• _Records from a collection_
lemma hmodels_uprod_iff:
  fixes Bs :: "'k \<Rightarrow> ('r, 'f, 'a) struct"
  assumes "is_ultrafilter H" and "\<And>k. is_structure far (Bs k)" and "wf_so rar far p"
  shows "hmodels (uprod H Bs) (henkin_rels H Bs) p \<longleftrightarrow>
    (\<forall>\<sigma>\<in>factor_assignments Bs. factor_sat Bs p \<sigma> \<in> H)"
proof
  assume models: "hmodels (uprod H Bs) (henkin_rels H Bs) p"
  show "\<forall>\<sigma>\<in>factor_assignments Bs. factor_sat Bs p \<sigma> \<in> H"
  proof (clarify)
    fix s Rs
    assume "(s, Rs) \<in> factor_assignments Bs"
    then have s: "\<And>x. s x \<in> Pi UNIV (\<lambda>k. sdom (Bs k))"
      and Rs: "\<And>X m. 1 \<le> m \<Longrightarrow> Rs X m \<in> Pi UNIV (\<lambda>k. Pow (mrels (sdom (Bs k)) m))"
      by (simp_all add: factor_assignments_def)
    have "urel H Bs (Rs X m) \<in> henkin_rels H Bs \<inter> Pow (mrels (sdom (uprod H Bs)) m)"
      if "1 \<le> m" for X m
      using Rs[OF that] by (simp add: henkin_rels_of_arity[OF assms(1) that])
    with s models
    have "hsat (uprod H Bs) (henkin_rels H Bs) (\<lambda>x. ucls H Bs (s x)) (\<lambda>X m. urel H Bs (Rs X m)) p"
      by (auto simp: hmodels_def sdom_uprod)
    then show "factor_sat Bs p (s, Rs) \<in> H"
      by (simp add: factor_sat_def hsat_uprod_iff[OF assms(1,2,3) s])
  qed
next
  assume all: "\<forall>\<sigma>\<in>factor_assignments Bs. factor_sat Bs p \<sigma> \<in> H"
  show "hmodels (uprod H Bs) (henkin_rels H Bs) p"
    unfolding hmodels_def
  proof (intro allI impI)
    fix s1 :: "nat \<Rightarrow> ('k \<Rightarrow> 'a) set" and S :: "nat \<Rightarrow> nat \<Rightarrow> ('k \<Rightarrow> 'a) set list set"
    assume "\<forall>x. s1 x \<in> sdom (uprod H Bs)"
    then have "\<exists>g. g \<in> Pi UNIV (\<lambda>k. sdom (Bs k)) \<and> s1 x = ucls H Bs g" for x
      unfolding sdom_uprod by blast
    then obtain s where s: "\<And>x. s x \<in> Pi UNIV (\<lambda>k. sdom (Bs k))"
      and "\<And>x. s1 x = ucls H Bs (s x)"
      by metis
    then have s1: "s1 = (\<lambda>x. ucls H Bs (s x))"
      by blast
    assume "\<forall>X m. 1 \<le> m \<longrightarrow> S X m \<in> henkin_rels H Bs \<and> S X m \<subseteq> mrels (sdom (uprod H Bs)) m"
    then have "S X m \<in> urel H Bs ` Pi UNIV (\<lambda>k. Pow (mrels (sdom (Bs k)) m))" if "1 \<le> m" for X m
      using that by (simp add: henkin_rels_of_arity[OF assms(1), symmetric])
    then have "\<forall>X m. \<exists>R. 1 \<le> m \<longrightarrow>
        R \<in> Pi UNIV (\<lambda>k. Pow (mrels (sdom (Bs k)) m)) \<and> S X m = urel H Bs R"
      by blast
    then obtain Rs where Rs: "\<And>X m. 1 \<le> m \<Longrightarrow> Rs X m \<in> Pi UNIV (\<lambda>k. Pow (mrels (sdom (Bs k)) m))"
      and S: "\<And>X m. 1 \<le> m \<Longrightarrow> S X m = urel H Bs (Rs X m)"
      by metis
    have "(s, Rs) \<in> factor_assignments Bs"
      using s Rs by (simp add: factor_assignments_def)
    with all have "factor_sat Bs p (s, Rs) \<in> H"
      by blast
    then show "hsat (uprod H Bs) (henkin_rels H Bs) s1 S p"
      unfolding s1 by (simp add: factor_sat_def hsat_uprod_iff[OF assms s S])
  qed
qed

section \<open>Iterated ultraproducts\<close>

lemma prod_uf_ultrafilter:
  assumes F: "is_ultrafilter F" and G: "is_ultrafilter G"
  shows "is_ultrafilter (prod_uf F G)"
  unfolding is_ultrafilter_def
proof (intro conjI allI impI)
  show "UNIV \<in> prod_uf F G" and "{} \<notin> prod_uf F G"
    using F G by (simp_all add: prod_uf_def ultrafilter_UNIV ultrafilter_empty)
next
  fix X Y :: "('a \<times> 'b) set"
  assume "X \<in> prod_uf F G \<and> X \<subseteq> Y"
  then show "Y \<in> prod_uf F G"
    unfolding prod_uf_def
    by (auto elim!: ultrafilter_mono[OF G] intro: ultrafilter_mono[OF F])
next
  fix X Y :: "('a \<times> 'b) set"
  assume "X \<in> prod_uf F G \<and> Y \<in> prod_uf F G"
  then show "X \<inter> Y \<in> prod_uf F G"
    by (simp add: prod_uf_def Collect_conj_eq ultrafilter_Int_iff[OF F] ultrafilter_Int_iff[OF G])
next
  fix X :: "('a \<times> 'b) set"
  have "{i. (i, j) \<in> - X} \<in> F \<longleftrightarrow> {i. (i, j) \<in> X} \<notin> F" for j
    using ultrafilter_Compl_iff[OF F, of "{i. (i, j) \<in> X}"] by (simp add: Collect_neg_eq)
  then have "{j. {i. (i, j) \<in> - X} \<in> F} = - {j. {i. (i, j) \<in> X} \<in> F}"
    by blast
  then show "X \<in> prod_uf F G \<or> - X \<in> prod_uf F G"
    by (simp add: prod_uf_def ultrafilter_Compl_iff[OF G])
qed

definition uncurry_assignments ::
    "('j \<Rightarrow> ('i, 'a) factor_assignment) \<Rightarrow> ('i \<times> 'j, 'a) factor_assignment" where
  "uncurry_assignments \<tau> = (\<lambda>x (i, j). fst (\<tau> j) x i, \<lambda>X m (i, j). snd (\<tau> j) X m i)"

lemma factor_assignments_prod:
  "factor_assignments (\<lambda>(i, j). A i j)
    = uncurry_assignments ` Pi UNIV (\<lambda>j. factor_assignments (\<lambda>i. A i j))"
proof (intro equalityI subsetI)
  fix \<sigma>
  assume \<sigma>_in: "\<sigma> \<in> factor_assignments (\<lambda>(i, j). A i j)"
  obtain s Rs where \<sigma>: "\<sigma> = (s, Rs)"
    by fastforce
  define \<tau> where "\<tau> j = (\<lambda>x i. s x (i, j), \<lambda>X m i. Rs X m (i, j))" for j
  have "\<tau> \<in> Pi UNIV (\<lambda>j. factor_assignments (\<lambda>i. A i j))"
    using \<sigma>_in by (simp add: \<sigma> factor_assignments_def \<tau>_def Pi_iff)
  moreover have "\<sigma> = uncurry_assignments \<tau>"
    by (simp add: \<sigma> uncurry_assignments_def \<tau>_def)
  ultimately show "\<sigma> \<in> uncurry_assignments ` Pi UNIV (\<lambda>j. factor_assignments (\<lambda>i. A i j))"
    by blast
next
  fix \<sigma>
  assume "\<sigma> \<in> uncurry_assignments ` Pi UNIV (\<lambda>j. factor_assignments (\<lambda>i. A i j))"
  then show "\<sigma> \<in> factor_assignments (\<lambda>(i, j). A i j)"
    by (fastforce simp: factor_assignments_def uncurry_assignments_def Pi_iff mem_Times_iff)
qed

lemma factor_sat_uncurry_in_prod_uf:
  "factor_sat (\<lambda>(i, j). A i j) p (uncurry_assignments \<tau>) \<in> prod_uf F G \<longleftrightarrow>
    {j. factor_sat (\<lambda>i. A i j) p (\<tau> j) \<in> F} \<in> G"
  by (simp add: factor_sat_def uncurry_assignments_def prod_uf_def case_prod_beta)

• _What the task requires_
Wherever the string "exists" appears in a line of the records, copy that line.

• _Solution below_
    then have "\<exists>g. g \<in> Pi UNIV (\<lambda>k. sdom (Bs k)) \<and> s1 x = ucls H Bs g" for x
    then have "\<forall>X m. \<exists>R. 1 \<le> m \<longrightarrow>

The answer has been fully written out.